Observability vs Monitoring: A Practitioner's Take

Monitoring tells you what you knew to ask. Observability tells you what you didn't. Those are not the same thing, and buying a "monitoring platform" and calling it observability does not make it so. I've sat through enough vendor demos where the Datadog rep explains that you can now ask novel questions because you bought APM to know this: your ability to ask novel questions depends on the shape of the data, not the logo on the dashboard.

The three pillars — and why they aren't enough

Metrics, logs, traces. You know the list. The problem is that the three-pillars framing implies they're equal, orthogonal, and sufficient. They aren't.

Metrics are cheap but pre-aggregated. A counter that's been bucketed to one-minute resolution has already thrown away the information you need to debug the weird tail latency.
Logs are expensive and unstructured. If your logs are text lines, you're grepping. Grep is not observability. Structured logs (JSON, key/value) plus indexed querying is the minimum bar.
Traces are structured but sampled. And the thing you want to debug is almost always in the 99.9th percentile — which your head-based sampler threw away.

What actually gives you observability is the ability to slice a single unit of work — a request, a job, a transaction — by arbitrary dimensions you didn't pre-declare. Charity Majors calls this high-cardinality, wide events. She's right. If your telemetry library forces you to declare dimensions at ingest time, you've built a monitoring system.

High-cardinality is the whole game

Prometheus is wonderful until someone adds user_id as a label. Cardinality explodes, storage dies, and the on-call engineer deletes the metric at 3am. Prometheus is a metrics system, not an events system. Treating it as observability is a category error.

What you want is events with hundreds of dimensions per event, queryable ad-hoc. Honeycomb pioneered this. ClickHouse-backed stacks (think SigNoz, or rolling your own with OTel Collector → ClickHouse) do the same thing with open source. Grafana's Loki plus Tempo gets partway there. Datadog will do it if you're willing to pay for the cardinality tier.

Sampling that doesn't lie to you

Every non-trivial tracing deployment needs sampling. The wrong answer is head-based sampling at 1% — which is the default and which guarantees you never capture the interesting request. The right answer is tail-based sampling: let the request complete, then decide whether it's interesting based on errors, latency, or specific attributes.

Keep every 5xx. Keep every request over the 99th-percentile latency. Keep a configurable fraction of the boring ones for baseline. Throw the rest away.

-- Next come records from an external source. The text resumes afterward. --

text \<open>Since \<open>(\<Phi> \<otimes> \<Psi>)(\<tau>) = \<Sum>\<^sub>n\<^sub>,\<^sub>m (K\<^sub>n \<otimes> L\<^sub>m) \<tau> (K\<^sub>n \<otimes> L\<^sub>m)\<^sup>\<dagger>\<close>, its quadratic form at \<open>v\<close>
  is a sum of quadratic forms of \<open>\<tau>\<close>, at the vectors \<open>(K\<^sub>n \<otimes> L\<^sub>m)\<^sup>\<dagger> v\<close>.\<close>
lemma quad_form_tensor_map:
  fixes v :: "nat \<Rightarrow> complex"
  assumes KA: "kraus_rep dA dA' \<Phi> K" and KB: "kraus_rep dB dB' \<Psi> L"
  defines "z \<equiv> \<lambda>n m j l. \<Sum>a'<dA'. \<Sum>b'<dB'. cnj (K n a' j) * cnj (L m b' l) * v (a'*dB'+b')"
  shows "quad_form (dA'*dB') (\<lambda>i j. tensor_map dA dB dA' dB' \<Phi> \<Psi> \<tau> $$ (i,j)) v =
    (\<Sum>n<dA*dA'. \<Sum>m<dB*dB'. quad_form (dA*dB) (\<lambda>i j. \<tau>$$(i,j)) (\<lambda>r. z n m (r div dB) (r mod dB)))"
proof -
  let ?\<sigma> = "tensor_map dA dB dA' dB' \<Phi> \<Psi> \<tau>"
  have "quad_form (dA'*dB') (\<lambda>i j. ?\<sigma> $$ (i,j)) v =
      (\<Sum>a<dA'. \<Sum>b<dB'. \<Sum>a'<dA'. \<Sum>b'<dB'. ?\<sigma> $$ (a*dB'+b, a'*dB'+b') * (cnj (v (a*dB'+b)) * v (a'*dB'+b')))"
    unfolding quad_form_def by (simp add: sum_lessThan_mult_nat mult_ac)
  also have "\<dots> = (\<Sum>i<dA. \<Sum>k<dB. \<Sum>j<dA. \<Sum>l<dB. \<tau>$$(i*dB+k, j*dB+l) *
      (\<Sum>a<dA'. \<Sum>b<dB'. \<Sum>a'<dA'. \<Sum>b'<dB'. \<Phi> (munit dA i j) $$ (a,a') * \<Psi> (munit dB k l) $$ (b,b') *
        (cnj (v (a*dB'+b)) * v (a'*dB'+b'))))"
    by (rule sum_tensor_map_mult)
  also have "\<dots> = (\<Sum>i<dA. \<Sum>k<dB. \<Sum>j<dA. \<Sum>l<dB. \<tau>$$(i*dB+k, j*dB+l) *
      (\<Sum>n<dA*dA'. \<Sum>m<dB*dB'. cnj (z n m i k) * z n m j l))"
  proof (intro sum.cong refl, rule arg_cong[where f="(*) _"])
    fix i k j l assume "i \<in> {..<dA}" "k \<in> {..<dB}" "j \<in> {..<dA}" "l \<in> {..<dB}"
    then have "(\<Sum>a<dA'. \<Sum>b<dB'. \<Sum>a'<dA'. \<Sum>b'<dB'. \<Phi> (munit dA i j) $$ (a,a') * \<Psi> (munit dB k l) $$ (b,b') *
        (cnj (v (a*dB'+b)) * v (a'*dB'+b')))
      = (\<Sum>a<dA'. \<Sum>b<dB'. \<Sum>a'<dA'. \<Sum>b'<dB'. (\<Sum>n<dA*dA'. K n a i * cnj (K n a' j)) *
          (\<Sum>m<dB*dB'. L m b k * cnj (L m b' l)) * (cnj (v (a*dB'+b)) * v (a'*dB'+b')))"
      (is "?L = _")
      by (intro sum.cong refl) (simp add: kraus_rep.kraus[OF KA] kraus_rep.kraus[OF KB])
    also have "\<dots> = (\<Sum>n<dA*dA'. \<Sum>m<dB*dB'. cnj (z n m i k) * z n m j l)"
      unfolding z_def
      apply (simp only: cnj_sum complex_cnj_mult complex_cnj_cnj sum_distrib_left sum_distrib_right)
      apply (simp only: sum.cartesian_product)
      apply (rule sum.reindex_bij_witness[where j="\<lambda>(a,b,a',b',m,n). (n,m,a',b',a,b)" and i="\<lambda>(n,m,a',b',a,b). (a,b,a',b',m,n)"])
      apply (auto simp: mult_ac)
      done
    finally show "?L = (\<Sum>n<dA*dA'. \<Sum>m<dB*dB'. cnj (z n m i k) * z n m j l)" .
  qed
  also have "\<dots> = (\<Sum>n<dA*dA'. \<Sum>m<dB*dB'. \<Sum>i<dA. \<Sum>k<dB. \<Sum>j<dA. \<Sum>l<dB.
      cnj (z n m i k) * \<tau>$$(i*dB+k, j*dB+l) * z n m j l)"
    apply (simp only: sum_distrib_left sum_distrib_right)
    apply (simp only: sum.cartesian_product)
    apply (rule sum.reindex_bij_witness[where j="\<lambda>(i,k,j,l,n,m). (n,m,i,k,j,l)" and i="\<lambda>(n,m,i,k,j,l). (i,k,j,l,n,m)"])
    apply (auto simp: mult_ac)
    done
  also have "\<dots> = (\<Sum>n<dA*dA'. \<Sum>m<dB*dB'. quad_form (dA*dB) (\<lambda>i j. \<tau>$$(i,j)) (\<lambda>r. z n m (r div dB) (r mod dB)))"
    unfolding quad_form_def sum_lessThan_mult_nat by (intro sum.cong refl) (simp add: pair_index)
  finally show ?thesis .
qed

OpenTelemetry Collector supports tail sampling natively. Use it. Pay for the collector tier instead of storing ten billion uninteresting spans.

The log retention bill

Naive log retention is the single biggest observability cost line I see. Teams ingest everything into Splunk or CloudWatch Logs at $0.50-$3/GB ingested, set retention to 90 days because "compliance," and wake up to a $400K annual bill for logs nobody ever queries past day 3.

What works:

Tiered retention: 7 days hot and queryable, 30 days warm in S3 with Athena or similar, archive beyond that.
Drop noisy log sources at the collector — health checks, chatty frameworks, debug statements that shipped by accident.
Convert high-volume structured logs into metrics at the edge. You don't need every access log line if the dimensions you care about are already in a histogram.

OTel is the convergence point

OpenTelemetry isn't the fastest library, the prettiest SDK, or the cheapest way to get started. It is the only telemetry standard you should be betting on in 2026. Instrument once, ship to whatever backend, change backends when the vendor gets greedy without re-instrumenting. That alone is worth the tradeoffs.

The architecture that works: apps instrumented with OTel SDKs → OTel Collector (with sampling, enrichment, filtering) → your chosen backend. The collector is the seam. Own the seam.

The takeaway: If your dashboards answer the question you're asking, you have monitoring, and that's fine for known failure modes. If novel incidents still mean SSH-ing into boxes and tailing logs, you don't have observability — no matter what you bought. Start with structured, wide events. Sample intelligently. Own the collector.